John Akred, Scott Kurth, and Stephen O’Sullivan field a wide range of detailed questions about developing a modern data strategy, architecting a data platform, and best practices for and the evolving role of the CDO. Even if you don’t have a specific question, join in to hear what others are asking.

What's Your Data Worth?

4:35pm-5:15pm in Capital Suite 17

The unique properties of data make assessing its value difficult when using the traditional approaches of intangible asset valuation. John Akred discusses a number of alternative approaches to valuing data within an organization for specific purposes, including informing decisions to purchase third-party data and monitoring data’s value internally to manage and increase that value over time.

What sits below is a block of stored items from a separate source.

lemma alternating_wedge: "alternating (wedge v w)"
  unfolding alternating_def by simp

lemma pairing_wedge_axis:
  assumes "alternating H"
  shows "pairing H (wedge (axis i 1) (axis j 1)) = H $ i $ j"
  using alternating_entries[OF assms] exhaust_4_from_0[of i] exhaust_4_from_0[of j]
  by (auto simp: pairing_4 axis_def)

definition hodge :: "'a::field \<Rightarrow> 'a ^ 4 ^ 4 \<Rightarrow> 'a ^ 4 ^ 4" where
  "hodge c W = (\<chi> i j. c * vol (wedge (axis i 1) (axis j 1)) W)"

lemma hodge_nth [simp]:
  "hodge c W $0$1 = c * W$2$3" "hodge c W $0$2 = - (c * W$1$3)" "hodge c W $0$3 = c * W$1$2"
  "hodge c W $1$2 = c * W$0$3" "hodge c W $1$3 = - (c * W$0$2)" "hodge c W $2$3 = c * W$0$1"
  by (simp_all add: hodge_def vol_def axis_def)

lemma alternating_hodge: "alternating (hodge c W)"
  unfolding alternating_def hodge_def by (simp add: vol_def algebra_simps)

lemma hodge_hodge:
  assumes "alternating W" and "c \<noteq> 0"
  shows "hodge (inverse c) (hodge c W) = W"
  using alternating_entries[OF assms(1)] assms(2)
  by (simp add: vec_eq_iff forall_4_from_0 hodge_def vol_def axis_def)

lemma psi_eq_hodge: "psi c W = hodge c W"
  unfolding psi_def
proof (rule the_equality)
  show "alternating (hodge c W) \<and> (\<forall>A. alternating A \<longrightarrow> pairing (hodge c W) A = c * vol A W)"
    by (simp add: alternating_hodge pairing_4 vol_def algebra_simps)
next
  fix H assume "alternating H \<and> (\<forall>A. alternating A \<longrightarrow> pairing H A = c * vol A W)"
  then have H: "alternating H" "\<forall>A. alternating A \<longrightarrow> pairing H A = c * vol A W" by auto
  have "H $ i $ j = hodge c W $ i $ j" for i j
  proof -
    have "H $ i $ j = pairing H (wedge (axis i 1) (axis j 1))"
      using pairing_wedge_axis[of H i j] H by simp
    also have "\<dots> = c * vol (wedge (axis i 1) (axis j 1)) W"
      using H(2) alternating_wedge by blast
    finally show ?thesis by (simp add: hodge_def)
  qed
  then show "H = hodge c W" by (simp add: vec_eq_iff)
qed

lemma phi_eq_hodge:
  assumes "alternating H" and "c \<noteq> 0"
  shows "phi c H = hodge (inverse c) H"
  unfolding phi_def psi_eq_hodge
proof (rule the_equality)
  show "alternating (hodge (inverse c) H) \<and> hodge c (hodge (inverse c) H) = H"
    using hodge_hodge[OF assms(1), of "inverse c"] assms(2) by (simp add: alternating_hodge)
next
  fix W assume "alternating W \<and> hodge c W = H"
  then show "W = hodge (inverse c) H" using hodge_hodge[of W c] assms(2) by auto
qed

lemma sprod_Upair:
  "sprod A C (Upair p q) =
    (if p = q then wcoord A p * wcoord C p else wcoord A p * wcoord C q + wcoord A q * wcoord C p)"
proof -
  have "{(p', q'). Upair p' q' = Upair p q} = {(p, q), (q, p)}" by auto
  then show ?thesis unfolding sprod_def by auto
qed

lemma sprod_off_basis:
  assumes "\<not> fst p < snd p"
  shows "sprod A C (Upair p q) = 0"
  using assms by (auto simp: sprod_Upair wcoord_def)

lemma sprod_self_off_diagonal:
  assumes "CHAR('a) = 2" and "p \<noteq> q"
  shows "sprod (A :: 'a::field ^ 4 ^ 4) A (Upair p q) = 0"
proof -
  let ?x = "wcoord A p * wcoord A q"
  have "sprod A A (Upair p q) = ?x + ?x"
    using assms(2) by (simp add: sprod_Upair mult.commute)
  also have "\<dots> = ?x - ?x"
    by (rule minus_CHAR_2[OF assms(1), symmetric])
  finally show ?thesis by simp
qed

lemma S2_eqI:
  fixes f g :: "'a::field S2"
  assumes "\<And>p q. \<not> fst p < snd p \<Longrightarrow> f (Upair p q) = 0 \<and> g (Upair p q) = 0"
    and "\<And>p q. fst p < snd p \<Longrightarrow> fst q < snd q \<Longrightarrow> f (Upair p q) = g (Upair p q)"
  shows "f = g"
proof
  fix u :: "(4 \<times> 4) uprod"
  obtain p q where u: "u = Upair p q" by (cases u)
  have "Upair p q = Upair q p" by auto
  then show "f u = g u" unfolding u using assms by metis
qed

definition basis_square :: "4 \<times> 4 \<Rightarrow> 'a::field S2" where
  "basis_square p u = (if u = Upair p p then 1 else 0)"

lemma W2_vanishes_off_squares:
  assumes "CHAR('a) = 2" and "w \<in> W2" and "\<forall>p. fst p < snd p \<longrightarrow> u \<noteq> Upair p p"
  shows "w u = (0 :: 'a::field)"
proof -
  obtain n a A where w: "w = (\<lambda>u. \<Sum>k<(n::nat). a k * sprod (A k) (A k) u)"
    using assms(2) unfolding W2_def by blast
  obtain p q where u: "u = Upair p q" by (cases u)
  have "sprod (A k) (A k) u = 0" for k
  proof (cases "p = q")
    case True
    then have "\<not> fst p < snd p" using assms(3) u by (cases p) auto
    then show ?thesis unfolding u by (rule sprod_off_basis)
  next
    case False
    then show ?thesis unfolding u by (rule sprod_self_off_diagonal[OF assms(1)])
  qed
  then show ?thesis by (simp add: w)
qed

lemma W2_eq_sum_basis_squares:
  assumes "CHAR('a) = 2" and "w \<in> W2"
  shows "w = (\<lambda>u. \<Sum>p | fst p < snd p. w (Upair p p) * basis_square p u :: 'a::field)"
proof
  fix u
  show "w u = (\<Sum>p | fst p < snd p. w (Upair p p) * basis_square p u)"
  proof (cases "\<exists>p. fst p < snd p \<and> u = Upair p p")
    case True
    then obtain p0 where "fst p0 < snd p0" and u: "u = Upair p0 p0" by blast
    have "(\<Sum>p | fst p < snd p. w (Upair p p) * basis_square p u) =
        (\<Sum>p | fst p < snd p. if p = p0 then w u else 0)"
      using u by (intro sum.cong) (auto simp: basis_square_def)
    then show ?thesis using \<open>fst p0 < snd p0\<close> by simp
  next
    case False
    then have "w u = 0" using W2_vanishes_off_squares[OF assms] by blast
    moreover have "(\<Sum>p | fst p < snd p. w (Upair p p) * basis_square p u) = 0"
      using False by (intro sum.neutral) (auto simp: basis_square_def)
    ultimately show ?thesis by simp
  qed
qed

definition darts :: "'b list \<Rightarrow> ('b \<times> 'b) list" where
  "darts xs = zip xs (rotate1 xs)"

lemma nth_darts:
  assumes "i < length xs"
  shows "darts xs ! i = (xs ! i, xs ! ((i + 1) mod length xs))"
  using assms by (simp add: darts_def nth_rotate1)

lemma rotate1_append_same_hd:
  assumes "xs \<noteq> []" and "ys \<noteq> []" and "hd xs = hd ys"
  shows "rotate1 (xs @ ys) = rotate1 xs @ rotate1 ys"
  using assms by (cases xs; cases ys) auto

Data is difficult to value in large part because, economically, it does not adhere to the three main conditions of a traditional market system. In addition, traditional valuation methods of intangible assets do not apply to data valuation.

  • Cost: Data is often produced as a byproduct of other business processes, making its cost hard to pin down.
  • Comparables: Data varies greatly by content and quality so comparables are difficult to find.
  • Forecasts: The dominance of data aggregators and one-on-one deals in the buying and selling of data obscure the prices of any comparables that may actually exist in the market.

While a traditional valuation of data may not be applicable, John explores data’s value in the context of specific uses and intentions within an organization, sharing several examples of how to use methods such as the value of information (VOI) framework and A/B testing to assess whether or not a third-party data source should be purchased or continue to be purchased and demonstrating how mutual information (MI) can be used to assess the value of a data source once it is in use within the organization.

John concludes by discussing the qualities that make data more valuable within an organization and provides a range of concrete and straightforward metrics that allow the value of data to be monitored internally to ensure that business decisions can be optimized to maximize that value over time.